* **Stored data**:
(* For every integer $i > 0$, the limits defining $d_0(W,\sigma^iW)$ and $d(W,\sigma^iW)$ exist, and $$d_0(W,\sigma^i W) > \frac16 \qquad\text{and}\qquad d(W,\sigma^i W) > \frac29.$$
   Context: Words are finite strings over $\{0,1\}$; $\alpha(i)$ is the $i$-th letter and $|\alpha|$ the length. Define $W_0 = 0$, $W_{m+1} = W_m W_m 1 W_m$, and let $W=W(0)W(1)\cdots$ (indexed from $0$) be the unique infinite word having every $W_m$ as an initial segment. For words $\alpha,\beta$ of equal length, $d(\alpha,\beta) = |\{i:\alpha(i)\ne\beta(i)\}|/|\alpha|$, and (if $\alpha$ contains a $0$) $d_0(\alpha,\beta) = |\{i : \alpha(i)=0,\ \beta(i)=1\}|/|\{i:\alpha(i)=0\}|$. For $i>0$ and $n\ge0$ let $\alpha_n$ be the subword of $W$ of length $|W_n|$ starting at position $i$, and set $d(W,\sigma^iW) = \lim_{n\to\infty} d(W_n,\alpha_n)$ and $d_0(W,\sigma^iW) = \lim_{n\to\infty} d_0(W_n,\alpha_n)$. *)

theory Defs
  imports Complex_Main
begin

text \<open>Words are lists over {0,1} (represented as natural numbers 0 and 1).\<close>

fun Wfin :: "nat \<Rightarrow> nat list" where
  "Wfin 0 = [0]"
| "Wfin (Suc m) = Wfin m @ Wfin m @ [1] @ Wfin m"

definition Winf :: "nat \<Rightarrow> nat" where
  "Winf = (THE w. \<forall>m. \<forall>k<length (Wfin m). w k = Wfin m ! k)"

definition dist_w :: "nat list \<Rightarrow> nat list \<Rightarrow> real" where
  "dist_w a b = real (card {k. k < length a \<and> a ! k \<noteq> b ! k}) / real (length a)"

definition dist0_w :: "nat list \<Rightarrow> nat list \<Rightarrow> real" where
  "dist0_w a b = real (card {k. k < length a \<and> a ! k = 0 \<and> b ! k = 1})
                 / real (card {k. k < length a \<and> a ! k = 0})"

definition shifted_sub :: "nat \<Rightarrow> nat \<Rightarrow> nat list" where
  "shifted_sub i n = map Winf [i..<i + length (Wfin n)]"

end

theory Submission
  imports Defs
begin

text \<open>
  Let X_n(b) count the positions t < |W_n| with W(t) = 0 and W(b + t) = 1, so that
  d_0(W_n, alpha_n) = X_n(i) / 3^n. Since W_{n+1} = W_n W_n 1 W_n, with L = |W_n| we have
  X_{n+1}(b) = X_n(b) + X_n(b + L) + X_n(b + 2L + 1); and since W begins with W_{n+2},
  every window of length L at a shift at most 8L + 4 already occurs at a shift at most
  2L + 1. Along this recursion an induction on n gives 6 X_n(c) >= 3^n + 3 for all
  0 < c <= 2L with c ~= L.

  For fixed i and n >= i the pair (X_n(i), X_n(L + i)) evolves by (x, y) |-> (2x + y, x + 2y),
  so X_n(i) / 3^n converges to (x + y) / (2 * 3^i) for the pair at n = i, which exceeds 1/6
  by the bound. Finally alpha_n is a rotation of W_n, so both have equally many 1s and the
  mismatches of type 0/1 and 1/0 are equinumerous: d = 2 X_n(i) / |W_n|, which tends to
  4/3 times the limit of d_0.
\<close>

section \<open>The word W\<close>

definition wlen :: "nat \<Rightarrow> nat" where
  "wlen n = length (Wfin n)"

lemma wlen_0 [simp]: "wlen 0 = 1"
  and wlen_Suc [simp]: "wlen (Suc n) = 3 * wlen n + 1"
  by (simp_all add: wlen_def)

lemma wlen_eq_power: "2 * wlen n + 1 = 3 ^ Suc n"
  by (induction n) simp_all

lemma less_wlen: "n < wlen n"
  by (induction n) simp_all

lemma wlen_mono: "m \<le> n \<Longrightarrow> wlen m \<le> wlen n"
  by (induction n) (auto simp: le_Suc_eq)

lemma Wfin_prefix: "m \<le> n \<Longrightarrow> k < wlen m \<Longrightarrow> Wfin n ! k = Wfin m ! k"
proof (induction n)
  case (Suc n)
  show ?case
  proof (cases "m = Suc n")
    case False
    with Suc.prems have "m \<le> n" "k < length (Wfin n)"
      using wlen_mono[of m n] by (simp_all add: wlen_def)
    with Suc show ?thesis by (simp add: nth_append)
  qed simp
qed simp

lemma Winf_eq_nth_Wfin: "k < wlen n \<Longrightarrow> Winf k = Wfin n ! k"
proof -
  have agree: "Wfin m ! k = Wfin n ! k" if "k < wlen m" "k < wlen n" for m n k
    using Wfin_prefix[of m "max m n" k] Wfin_prefix[of n "max m n" k] that by simp
  have "Winf = (\<lambda>k. Wfin k ! k)"
    unfolding Winf_def
  proof (rule the_equality)
    show "\<forall>m. \<forall>k<length (Wfin m). Wfin k ! k = Wfin m ! k"
      using agree less_wlen by (metis wlen_def)
  next
    fix w assume "\<forall>m. \<forall>k<length (Wfin m). w k = Wfin m ! k"
    then show "w = (\<lambda>k. Wfin k ! k)"
      using less_wlen by (auto simp: wlen_def)
  qed
  then show "k < wlen n \<Longrightarrow> Winf k = Wfin n ! k"
    using agree less_wlen by metis
qed

lemma Wfin_eq_map_Winf: "Wfin n = map Winf [0..<wlen n]"
  by (rule nth_equalityI) (simp_all add: Winf_eq_nth_Wfin wlen_def)

lemma set_Wfin: "set (Wfin n) \<subseteq> {0, 1}"
  by (induction n) auto

lemma Winf_le_1: "Winf k \<le> 1"
proof -
  have "Wfin k ! k \<in> set (Wfin k)"
    using less_wlen[of k] by (simp add: wlen_def)
  then show ?thesis
    using set_Wfin[of k] Winf_eq_nth_Wfin[OF less_wlen[of k]] by auto
qed

lemma Winf_second_block: "j < wlen n \<Longrightarrow> Winf (wlen n + j) = Winf j"
  by (simp add: Winf_eq_nth_Wfin[of _ "Suc n"] Winf_eq_nth_Wfin[of j n] nth_append wlen_def)

lemma Winf_separator: "Winf (2 * wlen n) = 1"
  by (simp add: Winf_eq_nth_Wfin[of _ "Suc n"] nth_append wlen_def)

lemma Winf_third_block: "j < wlen n \<Longrightarrow> Winf (2 * wlen n + 1 + j) = Winf j"
  by (simp add: Winf_eq_nth_Wfin[of _ "Suc n"] Winf_eq_nth_Wfin[of j n] nth_append wlen_def)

* **Instructions for the task**: Look above for the line containing "by (induction n) (auto simp: le_Suc_eq)". Output from there through the line containing "n \<Longrightarrow> Winf (2", exactly and inclusively.

* **Written reply**:
  by (induction n) (auto simp: le_Suc_eq)

lemma Wfin_prefix: "m \<le> n \<Longrightarrow> k < wlen m \<Longrightarrow> Wfin n ! k = Wfin m ! k"
proof (induction n)
  case (Suc n)
  show ?case
  proof (cases "m = Suc n")
    case False
    with Suc.prems have "m \<le> n" "k < length (Wfin n)"
      using wlen_mono[of m n] by (simp_all add: wlen_def)
    with Suc show ?thesis by (simp add: nth_append)
  qed simp
qed simp

lemma Winf_eq_nth_Wfin: "k < wlen n \<Longrightarrow> Winf k = Wfin n ! k"
proof -
  have agree: "Wfin m ! k = Wfin n ! k" if "k < wlen m" "k < wlen n" for m n k
    using Wfin_prefix[of m "max m n" k] Wfin_prefix[of n "max m n" k] that by simp
  have "Winf = (\<lambda>k. Wfin k ! k)"
    unfolding Winf_def
  proof (rule the_equality)
    show "\<forall>m. \<forall>k<length (Wfin m). Wfin k ! k = Wfin m ! k"
      using agree less_wlen by (metis wlen_def)
  next
    fix w assume "\<forall>m. \<forall>k<length (Wfin m). w k = Wfin m ! k"
    then show "w = (\<lambda>k. Wfin k ! k)"
      using less_wlen by (auto simp: wlen_def)
  qed
  then show "k < wlen n \<Longrightarrow> Winf k = Wfin n ! k"
    using agree less_wlen by metis
qed

lemma Wfin_eq_map_Winf: "Wfin n = map Winf [0..<wlen n]"
  by (rule nth_equalityI) (simp_all add: Winf_eq_nth_Wfin wlen_def)

lemma set_Wfin: "set (Wfin n) \<subseteq> {0, 1}"
  by (induction n) auto

lemma Winf_le_1: "Winf k \<le> 1"
proof -
  have "Wfin k ! k \<in> set (Wfin k)"
    using less_wlen[of k] by (simp add: wlen_def)
  then show ?thesis
    using set_Wfin[of k] Winf_eq_nth_Wfin[OF less_wlen[of k]] by auto
qed

lemma Winf_second_block: "j < wlen n \<Longrightarrow> Winf (wlen n + j) = Winf j"
  by (simp add: Winf_eq_nth_Wfin[of _ "Suc n"] Winf_eq_nth_Wfin[of j n] nth_append wlen_def)

lemma Winf_separator: "Winf (2 * wlen n) = 1"
  by (simp add: Winf_eq_nth_Wfin[of _ "Suc n"] nth_append wlen_def)

lemma Winf_third_block: "j < wlen n \<Longrightarrow> Winf (2 * wlen n + 1 + j) = Winf j"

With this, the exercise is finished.